▶ [Problem to work on] Retype the records below so that each one matches exactly.

Collected data entries
= = = = =

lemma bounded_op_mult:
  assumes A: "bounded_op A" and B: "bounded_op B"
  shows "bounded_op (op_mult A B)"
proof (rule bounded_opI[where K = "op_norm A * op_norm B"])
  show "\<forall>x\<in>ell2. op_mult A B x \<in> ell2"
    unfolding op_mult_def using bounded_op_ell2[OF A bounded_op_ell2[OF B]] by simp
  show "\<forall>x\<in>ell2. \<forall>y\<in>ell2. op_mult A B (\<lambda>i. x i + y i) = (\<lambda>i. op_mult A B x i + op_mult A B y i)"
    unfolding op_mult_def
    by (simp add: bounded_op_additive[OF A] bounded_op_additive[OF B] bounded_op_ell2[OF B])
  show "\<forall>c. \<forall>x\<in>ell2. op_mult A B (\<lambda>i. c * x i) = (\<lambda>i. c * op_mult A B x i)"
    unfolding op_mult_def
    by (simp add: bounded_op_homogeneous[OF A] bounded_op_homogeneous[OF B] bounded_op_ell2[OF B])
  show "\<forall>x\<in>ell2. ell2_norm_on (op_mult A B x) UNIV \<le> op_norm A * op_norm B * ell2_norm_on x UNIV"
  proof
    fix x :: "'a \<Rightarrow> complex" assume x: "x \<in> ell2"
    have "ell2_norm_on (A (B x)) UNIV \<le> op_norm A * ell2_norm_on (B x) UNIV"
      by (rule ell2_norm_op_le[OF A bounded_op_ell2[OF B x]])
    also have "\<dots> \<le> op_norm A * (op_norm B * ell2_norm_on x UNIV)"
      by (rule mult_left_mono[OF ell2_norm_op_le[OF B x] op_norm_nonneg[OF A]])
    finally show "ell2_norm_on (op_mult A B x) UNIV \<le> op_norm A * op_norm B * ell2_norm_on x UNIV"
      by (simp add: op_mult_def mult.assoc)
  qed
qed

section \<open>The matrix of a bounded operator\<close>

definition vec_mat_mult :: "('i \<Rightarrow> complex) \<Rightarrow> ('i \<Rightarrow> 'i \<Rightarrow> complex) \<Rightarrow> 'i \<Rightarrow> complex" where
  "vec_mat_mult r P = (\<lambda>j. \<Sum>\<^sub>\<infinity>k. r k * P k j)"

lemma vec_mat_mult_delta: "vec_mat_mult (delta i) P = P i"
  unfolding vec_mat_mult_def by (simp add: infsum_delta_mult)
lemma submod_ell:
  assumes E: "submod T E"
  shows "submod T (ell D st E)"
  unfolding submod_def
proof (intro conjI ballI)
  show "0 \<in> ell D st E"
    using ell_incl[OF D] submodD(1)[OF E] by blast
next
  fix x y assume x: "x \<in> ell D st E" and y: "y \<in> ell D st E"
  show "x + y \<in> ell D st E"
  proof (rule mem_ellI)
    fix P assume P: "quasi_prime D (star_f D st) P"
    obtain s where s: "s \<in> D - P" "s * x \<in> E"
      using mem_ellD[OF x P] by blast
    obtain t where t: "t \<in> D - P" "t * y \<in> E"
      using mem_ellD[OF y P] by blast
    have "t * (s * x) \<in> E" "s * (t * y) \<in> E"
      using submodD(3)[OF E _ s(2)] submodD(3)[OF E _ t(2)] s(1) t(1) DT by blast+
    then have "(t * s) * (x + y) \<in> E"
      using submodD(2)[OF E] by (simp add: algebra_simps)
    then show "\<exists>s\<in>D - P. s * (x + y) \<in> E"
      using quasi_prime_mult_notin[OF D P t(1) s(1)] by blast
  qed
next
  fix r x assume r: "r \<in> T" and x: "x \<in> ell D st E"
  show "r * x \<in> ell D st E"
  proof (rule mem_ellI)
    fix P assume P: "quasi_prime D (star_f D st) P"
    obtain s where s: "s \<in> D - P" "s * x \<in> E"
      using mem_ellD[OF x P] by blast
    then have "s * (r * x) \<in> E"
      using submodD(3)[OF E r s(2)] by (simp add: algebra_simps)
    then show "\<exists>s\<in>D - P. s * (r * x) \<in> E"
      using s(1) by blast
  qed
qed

= = = = =

▶ [Exercise response]
lemma bounded_op_mult:
  assumes A: "bounded_op A" and B: "bounded_op B"
  shows "bounded_op (op_mult A B)"
proof (rule bounded_opI[where K = "op_norm A * op_norm B"])
  show "\<forall>x\<in>ell2. op_mult A B x \<in> ell2"
    unfolding op_mult_def using bounded_op_ell2[OF A bounded_op_ell2[OF B]] by simp
  show "\<forall>x\<in>ell2. \<forall>y\<in>ell2. op_mult A B (\<lambda>i. x i + y i) = (\<lambda>i. op_mult A B x i + op_mult A B y i)"
    unfolding op_mult_def
    by (simp add: bounded_op_additive[OF A] bounded_op_additive[OF B] bounded_op_ell2[OF B])
  show "\<forall>c. \<forall>x\<in>ell2. op_mult A B (\<lambda>i. c * x i) = (\<lambda>i. c * op_mult A B x i)"
    unfolding op_mult_def
    by (simp add: bounded_op_homogeneous[OF A] bounded_op_homogeneous[OF B] bounded_op_ell2[OF B])
  show "\<forall>x\<in>ell2. ell2_norm_on (op_mult A B x) UNIV \<le> op_norm A * op_norm B * ell2_norm_on x UNIV"
  proof
    fix x :: "'a \<Rightarrow> complex" assume x: "x \<in> ell2"
    have "ell2_norm_on (A (B x)) UNIV \<le> op_norm A * ell2_norm_on (B x) UNIV"
      by (rule ell2_norm_op_le[OF A bounded_op_ell2[OF B x]])
    also have "\<dots> \<le> op_norm A * (op_norm B * ell2_norm_on x UNIV)"
      by (rule mult_left_mono[OF ell2_norm_op_le[OF B x] op_norm_nonneg[OF A]])
    finally show "ell2_norm_on (op_mult A B x) UNIV \<le> op_norm A * op_norm B * ell2_norm_on x UNIV"
      by (simp add: op_mult_def mult.assoc)
  qed
qed

section \<open>The matrix of a bounded operator\<close>

definition vec_mat_mult :: "('i \<Rightarrow> complex) \<Rightarrow> ('i \<Rightarrow> 'i \<Rightarrow> complex) \<Rightarrow> 'i \<Rightarrow> complex" where
  "vec_mat_mult r P = (\<lambda>j. \<Sum>\<^sub>\<infinity>k. r k * P k j)"

lemma vec_mat_mult_delta: "vec_mat_mult (delta i) P = P i"
  unfolding vec_mat_mult_def by (simp add: infsum_delta_mult)
lemma submod_ell:
  assumes E: "submod T E"
  shows "submod T (ell D st E)"
  unfolding submod_def
proof (intro conjI ballI)
  show "0 \<in> ell D st E"
    using ell_incl[OF D] submodD(1)[OF E] by blast
next
  fix x y assume x: "x \<in> ell D st E" and y: "y \<in> ell D st E"
  show "x + y \<in> ell D st E"
  proof (rule mem_ellI)
    fix P assume P: "quasi_prime D (star_f D st) P"
    obtain s where s: "s \<in> D - P" "s * x \<in> E"
      using mem_ellD[OF x P] by blast
    obtain t where t: "t \<in> D - P" "t * y \<in> E"
      using mem_ellD[OF y P] by blast
    have "t * (s * x) \<in> E" "s * (t * y) \<in> E"
      using submodD(3)[OF E _ s(2)] submodD(3)[OF E _ t(2)] s(1) t(1) DT by blast+
    then have "(t * s) * (x + y) \<in> E"
      using submodD(2)[OF E] by (simp add: algebra_simps)
    then show "\<exists>s\<in>D - P. s * (x + y) \<in> E"
      using quasi_prime_mult_notin[OF D P t(1) s(1)] by blast
  qed
next
  fix r x assume r: "r \<in> T" and x: "x \<in> ell D st E"
  show "r * x \<in> ell D st E"
  proof (rule mem_ellI)
    fix P assume P: "quasi_prime D (star_f D st) P"
    obtain s where s: "s \<in> D - P" "s * x \<in> E"
      using mem_ellD[OF x P] by blast
    then have "s * (r * x) \<in> E"
      using submodD(3)[OF E r s(2)] by (simp add: algebra_simps)
    then show "\<exists>s\<in>D - P. s * (r * x) \<in> E"
      using s(1) by blast
  qed
qed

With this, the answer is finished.